Ford Motor Company announced today a profit of $2.1 billion for the first quarter of 2013, down $147 million year-over-year, while net income of $1.6 billion represents a $215 million gain. That’s Ford’s 15th consecutive quarter of profitability.
The positive results were driven by continuing strong sales in North America and the Asia Pacific Africa divisions. In North America, pre-tax profits of $2.44 billion represent Ford’s best quarterly result for at least 13 years. (Prior to 2000, Ford did not separate quarterly results by region, so it’s unclear whether better results were reported previously.) Ford says sales volume in North America is up 17 percent year-over-year, and that the region has an operating margin of 11 percent. Going forward, Ford expects to finish the year with profits above 2012 levels and a margin of about 10 percent.

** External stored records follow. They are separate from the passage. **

lemma emeasure_law_singleton:
  assumes "P \<in> psimplex"
  shows "emeasure (law P) {i} = ennreal (P $ i)"
  using assms unfolding law_def psimplex_def by (subst emeasure_density) auto

lemma prob_space_law:
  assumes "P \<in> psimplex"
  shows "prob_space (law P)"
proof
  have "emeasure (law P) (space (law P)) = (\<Sum>i\<in>UNIV. ennreal (P $ i))"
    unfolding law_def by (subst emeasure_density) (auto simp: nn_integral_count_space_finite)
  also have "\<dots> = 1"
    using assms by (subst sum_ennreal) (auto simp: psimplex_def)
  finally show "emeasure (law P) (space (law P)) = 1" .
qed

lemma prob_space_iid:
  assumes "P \<in> psimplex"
  shows "prob_space (iid P)"
  unfolding iid_def by (intro prob_space_PiM prob_space_law assms)

lemma iid_prefix_eq:
  "{\<omega>. \<forall>t<T. \<omega> t = s t} = prod_emb UNIV (\<lambda>_. law P) {..<T} (PiE {..<T} (\<lambda>t. {s t}))"
  by (auto simp: prod_emb_iff space_PiM restrict_PiE_iff)

lemma sets_iid_prefix: "{\<omega>. \<forall>t<T. \<omega> t = s t} \<in> sets (iid P)"
  unfolding iid_prefix_eq[of T s P] iid_def by (rule sets_PiM_I) auto

lemma measure_iid_prefix:
  assumes "P \<in> psimplex"
  shows "measure (iid P) {\<omega>. \<forall>t<T. \<omega> t = s t} = (\<Prod>t<T. P $ s t)"
proof -
  have nonneg: "0 \<le> P $ i" for i
    using assms by (simp add: psimplex_def)
  interpret product_prob_space "\<lambda>_. law P" "UNIV :: nat set"
    using prob_space_law[OF assms]
    by (simp add: product_prob_space_def product_prob_space_axioms_def product_sigma_finite_def
        prob_space_imp_sigma_finite)
  have "emeasure (iid P) {\<omega>. \<forall>t<T. \<omega> t = s t} = (\<Prod>t<T. emeasure (law P) {s t})"
    using emeasure_PiM_Collect[of "{..<T}" "\<lambda>t. {s t}"] by (simp add: iid_def space_PiM Ball_def)
  also have "\<dots> = ennreal (\<Prod>t<T. P $ s t)"
    using nonneg by (simp add: emeasure_law_singleton[OF assms] prod_ennreal)
  finally show ?thesis
    using nonneg by (simp add: measure_def prod_nonneg)
qed

lemma emp_cong:
  assumes "\<And>t. t < T \<Longrightarrow> \<omega> t = \<omega>' t"
  shows "emp T \<omega> = emp T \<omega>'"
proof -
  have "{t\<in>{..<T}. \<omega> t = i} = {t\<in>{..<T}. \<omega>' t = i}" for i
    using assms by auto
  then show ?thesis
    by (simp add: emp_def)
qed

lemma emp_in_psimplex:
  assumes "T > 0"
  shows "emp T \<omega> \<in> psimplex"
proof -
  have "(\<Sum>i\<in>UNIV. real (card {t\<in>{..<T}. \<omega> t = i})) = real T"
    using sum.group[of "{..<T}" UNIV \<omega> "\<lambda>_. 1::real"] by simp
  then show ?thesis
    using assms by (simp add: psimplex_def emp_def flip: sum_divide_distrib)
qed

In the Asia Pacific Africa region, Ford expects to break even. Its market share there rose 30 percent to about three percent; market share in China reached a new record of 3.6 percent.
Ford continues to see sales tumble in Europe and in South America. In Europe, declining car sales meant the automaker posted a first-quarter loss of $462 million. Ford also cites restructuring costs, and the cost of paying employee pensions, as dragging down the company’s numbers in Europe. Although Ford claims it has increased its market share in Western Europe, the company plans to lose $2 billion in Europe this year.
In South America, currency fluctuations in Argentina and Venezuela significantly hurt the company’s bottom line, leading to a first-quarter loss of $218 million. Overall this year, Ford expects to break even in South America — but cautions that further currency instability could cause worse results.
“We continue to expect 2013 to be another strong year,” Ford CEO Alan Mulally said in a statement. “Everyone at Ford remains laser focused on continuing to make progress on our One Ford plan and building a profitably growing Ford.”